Camino de Uclés: history, stages and relationship with the Camino de Santiago

The pilgrimage to Uclés leads to the second most important temple dedicated to the Apostle Santiago.

Monasterio de Uclés - siete_vidas/iStock

Monasterio de Uclés - siete_vidas/iStock

The Camino de Uclés starts from the city of Madrid, however it is not part of the Jacobean routes, since its destination is not the city of Santiago de Compostela, but the Monastery of Uclés.

Despite not leading pilgrims to the most important temple dedicated to the Apostle Santiago, he directs walkers to the second most relevant temple for this saint. We are talking about the Monastery of Uclés, the second best-known building dedicated to the Apostle Santiago, behind the Cathedral of Santiago.

The history of the Camino de Uclés

The Monastery of Uclés is also called the Monastery of Santiago, in honor of the apostle. It is located in the town of Uclés, in the province of Cuenca. Thanks to Manuel Rossi, the recuperator of this route, today we can enjoy this wonderful path.

Created in the 10th century by the Order of Santiago, it adopted the mission from the 12th century to protect pilgrims on the Camino de Santiago, and fight against Muslims. Thanks to this fortress, the Christians managed to defend themselves until the end of the 15th century Reconquest. Once the conflicts between Christians and Muslims ended, the castle lost its military function and became a monastic construction.
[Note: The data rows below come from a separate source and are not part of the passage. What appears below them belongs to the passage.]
lemma rev_map_by_iteration:
  "snd (prod_decode ((rev_map_step \<tau> ^^ z) (prod_encode (z, 0)))) =
    list_encode (rev (map \<tau> (list_decode z)))"
  using funpow_rev_map_step[where n = z and L = "list_decode z" and acc = "[]"]
    length_le_list_encode[of "list_decode z"]
  by simp

lemma total_recursive_rev_map_step:
  assumes "total_recursive 1 (\<lambda>xs. \<tau> (xs ! 0))" and "total_recursive k F"
  shows "total_recursive k (\<lambda>xs. rev_map_step \<tau> (F xs))"
proof -
  have \<tau>: "total_recursive k (\<lambda>xs. \<tau> (G xs))" if "total_recursive k G" for G
    using total_recursive_compose1[OF assms(1) that] by simp
  show ?thesis
    unfolding rev_map_step_def
    by (intro total_recursive_If decidable_eq total_recursive_prod_encode total_recursive_Suc
        total_recursive_fst_prod_decode total_recursive_snd_prod_decode total_recursive_pred
        total_recursive_const \<tau> assms(2))
qed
Two centuries after the works to convert the castle into a monastic construction were completed, the Santiago Knights settled. However, difficult times awaited the Monastery of Uclés, since in the 19th century it was damaged by the Napoleonic empire in the famous Battle of Uclés. At the end of the century, the order of Santiago was forced to leave the temple due to the confiscation of Mendizábal. In 1936, with the arrival of the Spanish Civil War and the temple on the Republican side, it was transformed into a hospital. At the end of the war, the deteriorated facilities were used as a prison.

Later, the Diocese of Cuenca claimed the monastery to use it as a place to train people with a priestly vocation. Since then, it is also known as "El Escorial de La Mancha", and has become a relevant point of interest in the province.

Stages the Camino de Uclés

It is not a difficult route to complete, most of the days are about 10 kilometers long. Almost the entire route is pedestrian and greenway, which makes it possible to do the Camino by bicycle and is also accessible for people in wheelchairs.

Despite the fact that the journey is divided into 11 stages by the location of the towns to be able to seal the credential, it could be perfectly completed in 6.

  • Madrid - Rivas VaciaMadrid (28.6 kilometers)

  • Rivas VaciaMadrid - La Poveda (4.3 kilometers)

  • La Poveda - Arganda del Rey (3.6 kilometers)

  • Arganda del Rey - Morata de Tajuña (17.8 kilometers)

  • Morata de Tajuña - Perales de Tajuña (7.1 kilometers)

  • Perales de Tajuña - Tielmes (8.3 kilometers)

  • Tielmes - Carabaña (9.2 kilometers)

  • Carabaña - Estremera (15.9 kilometers)

  • Estremera - Barajas de Melo (26.2 kilometers)

  • Barajas de Melo - Huelves (13.9 km)

  • Huelves - Uclés Monastery (9 kilometers)

Vista desde el Monasterio de Uclés - siete_vidas/iStock

Vista desde el Monasterio de Uclés - siete_vidas/iStock

Relationship with the Camino de Santiago

In April 2011, the Camino de Uclés was inaugurated again, after being forgotten for centuries. Manuel Rossi, the man who revived this route again, was dedicated to finding and revitalizing the old roads.

In 2010, a priest from Cuenca told him about the Camino de Uclés and he did not think about it and began his journey. However, after having reactivated the Camino de Uclés, his work did not end there as he began to signal the Camino de Uclés.

Its signs are characterized by having red arrows and the cross of Santiago, which can be seen throughout the journey. In addition, he also created the credential used for this Camino, the so-called "Uclessiana".

Currently the layout of the Camino de Uclés is as similar as possible to the original. With a route of almost 145 kilometers and divided into 11 stages, in which the official Uclessiana credential can be stamped by each town.

As for the signs, the Camino presents good indications thanks to Manuel Rossi. To make the Camino from Madrid to the Monastery of Uclés, pilgrims will find the signs for Manuel Rossi, while if they do it in reverse, the classic ones of the Camino de Santiago, yellow arrows and scallops will appear.